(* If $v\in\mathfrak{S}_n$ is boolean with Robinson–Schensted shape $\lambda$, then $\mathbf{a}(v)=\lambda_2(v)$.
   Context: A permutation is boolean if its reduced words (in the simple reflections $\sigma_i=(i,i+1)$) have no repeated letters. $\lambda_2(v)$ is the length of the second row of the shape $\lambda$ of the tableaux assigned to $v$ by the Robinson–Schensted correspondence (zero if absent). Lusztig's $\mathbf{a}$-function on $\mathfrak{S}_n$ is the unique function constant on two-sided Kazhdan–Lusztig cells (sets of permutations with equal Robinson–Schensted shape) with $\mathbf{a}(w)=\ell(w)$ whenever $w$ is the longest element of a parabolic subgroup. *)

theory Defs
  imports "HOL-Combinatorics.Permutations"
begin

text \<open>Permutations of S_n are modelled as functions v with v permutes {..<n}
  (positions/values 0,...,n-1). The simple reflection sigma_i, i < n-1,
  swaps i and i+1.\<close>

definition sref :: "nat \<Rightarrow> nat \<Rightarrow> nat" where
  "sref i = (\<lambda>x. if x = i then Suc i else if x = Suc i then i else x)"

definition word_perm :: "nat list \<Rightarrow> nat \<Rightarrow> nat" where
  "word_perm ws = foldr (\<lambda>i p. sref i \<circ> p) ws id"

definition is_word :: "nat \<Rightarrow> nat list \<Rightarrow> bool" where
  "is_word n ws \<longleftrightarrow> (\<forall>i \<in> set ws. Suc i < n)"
==
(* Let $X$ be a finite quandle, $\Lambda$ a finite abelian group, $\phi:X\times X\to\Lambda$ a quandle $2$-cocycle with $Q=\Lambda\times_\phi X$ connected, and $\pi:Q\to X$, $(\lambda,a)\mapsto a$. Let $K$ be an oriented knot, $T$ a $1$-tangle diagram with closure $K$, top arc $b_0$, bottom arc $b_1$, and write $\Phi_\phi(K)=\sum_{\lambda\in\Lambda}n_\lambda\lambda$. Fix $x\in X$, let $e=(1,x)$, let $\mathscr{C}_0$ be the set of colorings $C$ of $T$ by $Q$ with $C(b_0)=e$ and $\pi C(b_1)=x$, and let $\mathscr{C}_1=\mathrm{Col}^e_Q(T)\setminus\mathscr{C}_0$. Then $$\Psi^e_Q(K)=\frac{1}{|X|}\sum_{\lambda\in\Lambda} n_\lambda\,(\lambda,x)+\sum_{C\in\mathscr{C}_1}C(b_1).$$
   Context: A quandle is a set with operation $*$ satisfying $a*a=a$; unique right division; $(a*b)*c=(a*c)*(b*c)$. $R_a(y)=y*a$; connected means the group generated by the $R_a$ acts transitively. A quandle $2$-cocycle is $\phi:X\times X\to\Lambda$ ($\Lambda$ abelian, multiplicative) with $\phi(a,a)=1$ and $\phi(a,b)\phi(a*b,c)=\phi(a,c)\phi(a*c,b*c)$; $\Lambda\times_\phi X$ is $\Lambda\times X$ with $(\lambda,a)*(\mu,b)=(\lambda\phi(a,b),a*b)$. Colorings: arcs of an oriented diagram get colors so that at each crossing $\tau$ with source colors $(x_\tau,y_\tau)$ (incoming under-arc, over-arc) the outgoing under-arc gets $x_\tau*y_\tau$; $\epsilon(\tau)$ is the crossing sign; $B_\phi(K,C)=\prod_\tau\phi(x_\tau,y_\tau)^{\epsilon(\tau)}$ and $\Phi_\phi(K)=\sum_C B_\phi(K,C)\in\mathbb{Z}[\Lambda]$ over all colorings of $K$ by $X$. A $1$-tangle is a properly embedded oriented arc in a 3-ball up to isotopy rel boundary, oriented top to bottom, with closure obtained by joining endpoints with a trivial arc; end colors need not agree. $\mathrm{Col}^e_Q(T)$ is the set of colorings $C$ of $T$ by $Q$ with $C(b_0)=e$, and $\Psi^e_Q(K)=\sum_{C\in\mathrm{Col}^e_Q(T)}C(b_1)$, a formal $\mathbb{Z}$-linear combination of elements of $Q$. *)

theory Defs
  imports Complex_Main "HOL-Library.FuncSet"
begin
--
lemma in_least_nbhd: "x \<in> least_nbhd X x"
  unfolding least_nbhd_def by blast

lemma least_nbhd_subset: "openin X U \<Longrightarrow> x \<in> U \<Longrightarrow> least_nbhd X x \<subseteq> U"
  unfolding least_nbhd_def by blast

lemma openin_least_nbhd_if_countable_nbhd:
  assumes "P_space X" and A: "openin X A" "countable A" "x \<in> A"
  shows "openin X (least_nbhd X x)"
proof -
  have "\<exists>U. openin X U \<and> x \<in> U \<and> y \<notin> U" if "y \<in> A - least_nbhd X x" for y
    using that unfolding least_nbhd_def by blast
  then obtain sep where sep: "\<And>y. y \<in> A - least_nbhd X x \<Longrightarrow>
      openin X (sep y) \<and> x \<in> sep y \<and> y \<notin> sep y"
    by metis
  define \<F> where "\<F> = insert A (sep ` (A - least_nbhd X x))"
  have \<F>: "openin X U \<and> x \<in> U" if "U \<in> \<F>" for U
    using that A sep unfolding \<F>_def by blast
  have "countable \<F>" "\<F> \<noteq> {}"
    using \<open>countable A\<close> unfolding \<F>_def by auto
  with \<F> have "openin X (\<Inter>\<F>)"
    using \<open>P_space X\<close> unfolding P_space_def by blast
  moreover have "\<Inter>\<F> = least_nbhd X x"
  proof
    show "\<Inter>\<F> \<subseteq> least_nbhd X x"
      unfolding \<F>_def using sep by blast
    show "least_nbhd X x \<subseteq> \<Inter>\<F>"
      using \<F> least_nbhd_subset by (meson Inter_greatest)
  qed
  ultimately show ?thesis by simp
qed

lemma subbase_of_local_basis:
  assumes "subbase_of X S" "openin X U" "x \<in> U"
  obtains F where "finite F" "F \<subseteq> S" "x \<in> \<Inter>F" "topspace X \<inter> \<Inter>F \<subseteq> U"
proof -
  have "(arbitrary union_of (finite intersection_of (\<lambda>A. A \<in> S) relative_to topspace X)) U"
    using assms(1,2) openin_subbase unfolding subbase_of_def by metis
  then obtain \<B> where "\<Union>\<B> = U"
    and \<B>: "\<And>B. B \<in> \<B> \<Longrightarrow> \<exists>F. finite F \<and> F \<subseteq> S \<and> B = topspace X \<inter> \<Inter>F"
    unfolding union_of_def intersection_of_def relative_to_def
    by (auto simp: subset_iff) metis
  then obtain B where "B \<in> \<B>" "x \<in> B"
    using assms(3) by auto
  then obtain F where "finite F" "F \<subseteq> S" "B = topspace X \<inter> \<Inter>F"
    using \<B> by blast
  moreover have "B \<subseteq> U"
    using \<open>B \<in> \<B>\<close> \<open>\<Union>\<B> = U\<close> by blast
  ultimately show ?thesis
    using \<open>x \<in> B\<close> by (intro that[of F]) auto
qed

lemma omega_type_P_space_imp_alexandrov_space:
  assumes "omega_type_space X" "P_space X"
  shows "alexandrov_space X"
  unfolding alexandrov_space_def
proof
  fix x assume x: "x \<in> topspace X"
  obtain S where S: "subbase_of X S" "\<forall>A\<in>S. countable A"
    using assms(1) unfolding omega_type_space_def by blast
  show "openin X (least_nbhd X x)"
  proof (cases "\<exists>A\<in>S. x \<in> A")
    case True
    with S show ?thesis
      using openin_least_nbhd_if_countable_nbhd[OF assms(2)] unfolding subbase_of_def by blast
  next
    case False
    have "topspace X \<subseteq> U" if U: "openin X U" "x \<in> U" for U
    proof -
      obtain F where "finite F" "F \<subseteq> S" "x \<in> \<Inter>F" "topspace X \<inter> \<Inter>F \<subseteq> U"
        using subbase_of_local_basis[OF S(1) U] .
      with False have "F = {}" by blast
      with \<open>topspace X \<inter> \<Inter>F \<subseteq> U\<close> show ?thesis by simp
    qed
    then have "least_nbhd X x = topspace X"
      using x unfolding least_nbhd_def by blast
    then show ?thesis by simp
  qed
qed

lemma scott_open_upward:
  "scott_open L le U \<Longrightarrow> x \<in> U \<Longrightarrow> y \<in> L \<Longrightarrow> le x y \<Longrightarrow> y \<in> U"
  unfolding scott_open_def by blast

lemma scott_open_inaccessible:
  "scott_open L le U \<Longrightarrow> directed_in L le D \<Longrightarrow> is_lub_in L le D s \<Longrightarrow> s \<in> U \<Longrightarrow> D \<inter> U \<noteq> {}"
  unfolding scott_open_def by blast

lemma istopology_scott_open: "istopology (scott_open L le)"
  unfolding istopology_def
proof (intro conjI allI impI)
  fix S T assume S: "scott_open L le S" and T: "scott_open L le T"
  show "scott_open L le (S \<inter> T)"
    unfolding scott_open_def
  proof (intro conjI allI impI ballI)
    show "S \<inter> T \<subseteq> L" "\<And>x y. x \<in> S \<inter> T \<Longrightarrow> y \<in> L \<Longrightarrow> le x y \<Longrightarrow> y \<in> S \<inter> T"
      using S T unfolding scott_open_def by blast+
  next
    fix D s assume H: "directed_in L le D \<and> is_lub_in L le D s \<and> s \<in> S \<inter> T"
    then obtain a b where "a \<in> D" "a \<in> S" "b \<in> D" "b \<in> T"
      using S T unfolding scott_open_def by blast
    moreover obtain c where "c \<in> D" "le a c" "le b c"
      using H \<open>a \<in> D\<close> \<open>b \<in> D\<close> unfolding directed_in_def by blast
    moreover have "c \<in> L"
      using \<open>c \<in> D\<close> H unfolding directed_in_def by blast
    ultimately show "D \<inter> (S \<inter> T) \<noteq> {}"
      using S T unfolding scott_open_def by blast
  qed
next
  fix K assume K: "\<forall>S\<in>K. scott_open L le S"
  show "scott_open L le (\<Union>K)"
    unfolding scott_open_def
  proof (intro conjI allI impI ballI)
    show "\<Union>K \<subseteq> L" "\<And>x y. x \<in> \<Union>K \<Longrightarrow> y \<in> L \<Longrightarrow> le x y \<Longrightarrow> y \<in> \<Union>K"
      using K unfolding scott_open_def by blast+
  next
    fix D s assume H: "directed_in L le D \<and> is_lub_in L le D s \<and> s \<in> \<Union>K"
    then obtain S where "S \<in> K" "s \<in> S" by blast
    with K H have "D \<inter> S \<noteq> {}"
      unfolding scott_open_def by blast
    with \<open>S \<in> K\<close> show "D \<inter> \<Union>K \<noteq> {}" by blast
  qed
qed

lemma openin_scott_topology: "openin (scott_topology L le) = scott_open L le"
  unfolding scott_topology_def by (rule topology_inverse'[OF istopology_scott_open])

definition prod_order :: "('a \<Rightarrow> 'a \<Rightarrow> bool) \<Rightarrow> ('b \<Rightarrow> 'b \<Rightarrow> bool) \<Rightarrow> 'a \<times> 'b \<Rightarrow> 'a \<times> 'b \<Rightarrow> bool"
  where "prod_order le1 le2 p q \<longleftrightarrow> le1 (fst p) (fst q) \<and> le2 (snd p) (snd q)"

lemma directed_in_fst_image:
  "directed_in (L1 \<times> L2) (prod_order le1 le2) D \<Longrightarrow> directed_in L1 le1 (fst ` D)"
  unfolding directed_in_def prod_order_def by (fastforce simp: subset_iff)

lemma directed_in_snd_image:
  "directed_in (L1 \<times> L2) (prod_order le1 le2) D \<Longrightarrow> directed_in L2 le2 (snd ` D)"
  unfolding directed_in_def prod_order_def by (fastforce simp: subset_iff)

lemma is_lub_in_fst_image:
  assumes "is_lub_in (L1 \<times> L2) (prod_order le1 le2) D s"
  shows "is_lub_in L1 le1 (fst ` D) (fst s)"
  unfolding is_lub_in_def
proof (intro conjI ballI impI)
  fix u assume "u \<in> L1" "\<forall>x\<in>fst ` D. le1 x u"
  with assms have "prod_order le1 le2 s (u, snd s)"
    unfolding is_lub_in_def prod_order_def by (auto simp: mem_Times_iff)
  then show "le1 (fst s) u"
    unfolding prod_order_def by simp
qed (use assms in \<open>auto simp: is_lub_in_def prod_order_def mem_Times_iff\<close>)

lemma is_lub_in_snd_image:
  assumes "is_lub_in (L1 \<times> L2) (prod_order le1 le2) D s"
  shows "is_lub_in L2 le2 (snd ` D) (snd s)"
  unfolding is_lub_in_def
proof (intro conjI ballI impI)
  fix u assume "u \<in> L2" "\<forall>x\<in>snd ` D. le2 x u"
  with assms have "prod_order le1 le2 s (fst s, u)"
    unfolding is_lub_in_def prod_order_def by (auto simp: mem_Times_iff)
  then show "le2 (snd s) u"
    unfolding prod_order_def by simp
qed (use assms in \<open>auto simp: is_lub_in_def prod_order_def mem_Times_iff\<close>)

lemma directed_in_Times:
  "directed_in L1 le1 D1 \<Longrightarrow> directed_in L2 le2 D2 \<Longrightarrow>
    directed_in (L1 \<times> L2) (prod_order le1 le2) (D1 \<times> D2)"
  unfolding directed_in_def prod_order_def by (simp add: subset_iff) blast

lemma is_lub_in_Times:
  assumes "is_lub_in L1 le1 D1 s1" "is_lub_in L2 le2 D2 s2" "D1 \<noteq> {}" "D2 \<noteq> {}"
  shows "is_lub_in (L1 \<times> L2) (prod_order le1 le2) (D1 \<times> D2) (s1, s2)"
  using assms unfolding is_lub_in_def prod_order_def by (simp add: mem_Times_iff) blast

Instructions to follow: Only the lines above starting at the line that holds "is boolean with" and ending at the line that holds "n ws \<longleftrightarrow>" are to be repeated, exactly and in full.

Reply:
(* If $v\in\mathfrak{S}_n$ is boolean with Robinson–Schensted shape $\lambda$, then $\mathbf{a}(v)=\lambda_2(v)$.
   Context: A permutation is boolean if its reduced words (in the simple reflections $\sigma_i=(i,i+1)$) have no repeated letters. $\lambda_2(v)$ is the length of the second row of the shape $\lambda$ of the tableaux assigned to $v$ by the Robinson–Schensted correspondence (zero if absent). Lusztig's $\mathbf{a}$-function on $\mathfrak{S}_n$ is the unique function constant on two-sided Kazhdan–Lusztig cells (sets of permutations with equal Robinson–Schensted shape) with $\mathbf{a}(w)=\ell(w)$ whenever $w$ is the longest element of a parabolic subgroup. *)

theory Defs
  imports "HOL-Combinatorics.Permutations"
begin

text \<open>Permutations of S_n are modelled as functions v with v permutes {..<n}
  (positions/values 0,...,n-1). The simple reflection sigma_i, i < n-1,
  swaps i and i+1.\<close>

definition sref :: "nat \<Rightarrow> nat \<Rightarrow> nat" where
  "sref i = (\<lambda>x. if x = i then Suc i else if x = Suc i then i else x)"

definition word_perm :: "nat list \<Rightarrow> nat \<Rightarrow> nat" where
  "word_perm ws = foldr (\<lambda>i p. sref i \<circ> p) ws id"

definition is_word :: "nat \<Rightarrow> nat list \<Rightarrow> bool" where
  "is_word n ws \<longleftrightarrow> (\<forall>i \<in> set ws. Suc i < n)"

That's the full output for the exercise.